Adaptation du livre d’Annie Ernaux portant le même nom, “Mémoire de fille” raconte le souvenir qu’à Annie Ernaux de son expérience à Rouen, sa ville d’enfance, à l’été 1958.
La première partie du film, lors de l’arrivée d’Annie dans la colonie de vacances, montre très bien l’innocence d’Annie lorsqu’elle est confrontée aux autres jeunes qui sont plus relâchés qu’elle. La scène où elle passe sa première nuit avec le chef moniteur est vraiment bien mise en scène dans la mesure où l’on ressent bien qu’Annie est tombée sous l’emprise du chef moniteur, qu’elle est dans un état de sidération face à ce qui lui arrive. On peut ressentir sa souffrance et avoir une véritable empathie à son égard.

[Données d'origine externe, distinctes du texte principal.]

theorem mainTheorem6:
  fixes k n :: nat and A :: "(nat \<Rightarrow> nat) set" and p1 p2 p3 :: "nat \<Rightarrow> nat"
  assumes "k \<ge> 2" and "n \<ge> 3"
    and "conn_class k n A" and "A \<noteq> frame_class k n"
    and "p1 \<in> A" and "p2 \<in> A" and "p3 \<in> A"
    and "p1 \<noteq> p2" and "p1 \<noteq> p3" and "p2 \<noteq> p3"
  shows "\<exists>g \<in> comb k n. \<exists>I c.
           I \<subseteq> {..<n} \<and> card I = 3 \<and> (\<forall>l<n. l \<notin> I \<longrightarrow> c l < k) \<and>
           (\<forall>q \<in> {p1, p2, p3}. \<forall>l<n. l \<notin> I \<longrightarrow> g q l = c l) \<and>
           (\<exists>B. conn_class k 3 B \<and> B \<noteq> frame_class k 3 \<and>
                restr I (g p1) \<in> B \<and> restr I (g p2) \<in> B \<and> restr I (g p3) \<in> B)"
proof -
  obtain p0 where p0: "external k n p0" "A = {q. reach k n p0 q}"
    using assms(3) by (rule conn_class_reach)
  have p0_pos: "p0 \<in> pos k n" using p0(1) unfolding external_def by blast
  obtain X where X: "reach k n p1 X" "normal_form k n X"
    using exists_normal_form_in_class[OF assms(1-5)] by blast
  obtain g1 where g1: "g1 \<in> comb k n" "g1 p1 = X" using X(1) unfolding reach_iff by blast
  have g1_reach: "reach k n p0 (g1 q)" if "q \<in> {p1, p2, p3}" for q
    using that assms(5-7) p0(2) reach_fixing_trans reach_comb[OF g1(1)] by blast
  have in_orbit: "reach k n p0 X" "reach k n p0 (g1 p2)" "reach k n p0 (g1 p3)"
    using g1_reach g1(2) by auto
  obtain g2 where g2: "g2 \<in> comb k n" "g2 X = X"
      "\<forall>j. 3 \<le> j \<and> j < n \<longrightarrow> g2 (g1 p2) j = X j \<and> g2 (g1 p3) j = X j"
    using exists_comb_into_layer[OF assms(1,2) p0_pos in_orbit(1) X(2) in_orbit(2,3)] by blast
  let ?g = "g2 \<circ> g1" and ?B = "{w. reach k 3 (restr {0, 1, 2} X) w}"
  have tail: "\<forall>l<n. l \<notin> {0, 1, 2} \<longrightarrow> ?g q l = X l" if "q \<in> {p1, p2, p3}" for q
    using that g1(2) g2(2,3) by auto
  have "restr {0, 1, 2} (?g q) \<in> ?B" if "q \<in> {p1, p2, p3}" for q
    using reach3_in_orbit[OF assms(2) p0_pos in_orbit(1)] tail[OF that] X(2)
      reach_fixing_trans[OF g1_reach[OF that] reach_comb[OF g2(1)]]
    unfolding normal_form_def by auto
  moreover have "\<forall>l<n. l \<notin> {0, 1, 2} \<longrightarrow> X l < k" "{0, 1, 2} \<subseteq> {..<n}"
      "card {0, 1, 2 :: nat} = 3"
    using X(2) assms(2) unfolding normal_form_def pos_def by auto
  ultimately show ?thesis
    using comb_comp[OF g2(1) g1(1)] tail layer_class_of_normal_form[OF assms(1,2) X(2)]
    by (intro bexI[of _ ?g] exI[of _ "{0, 1, 2}"] exI[of _ X] conjI exI[of _ ?B]) auto
qed

end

Cependant, je trouve que le film reprend hélas, la construction classique et peu bâclée des relations dans des groupes d’adolescents. Il y a une adolescente, timide, qui est marginalisée pour cela par les autres adolescents dont les personnalités ne sont pratiquement pas développées et qui ne semblent être là que pour créer des interactions avec le personnage principal et qui n’existent pas autrement.
La seconde partie du film qui a pour but de montrer comment l’expérience traumatique d’Annie va l’amener à son engagement politique assez didactique, pas très subtile et où les dialogues n’ont pour vocation que de surligner la vocation militante d’Annie et cette séquence m’a laissé de marbre alors qu’il y avait matière à faire mieux.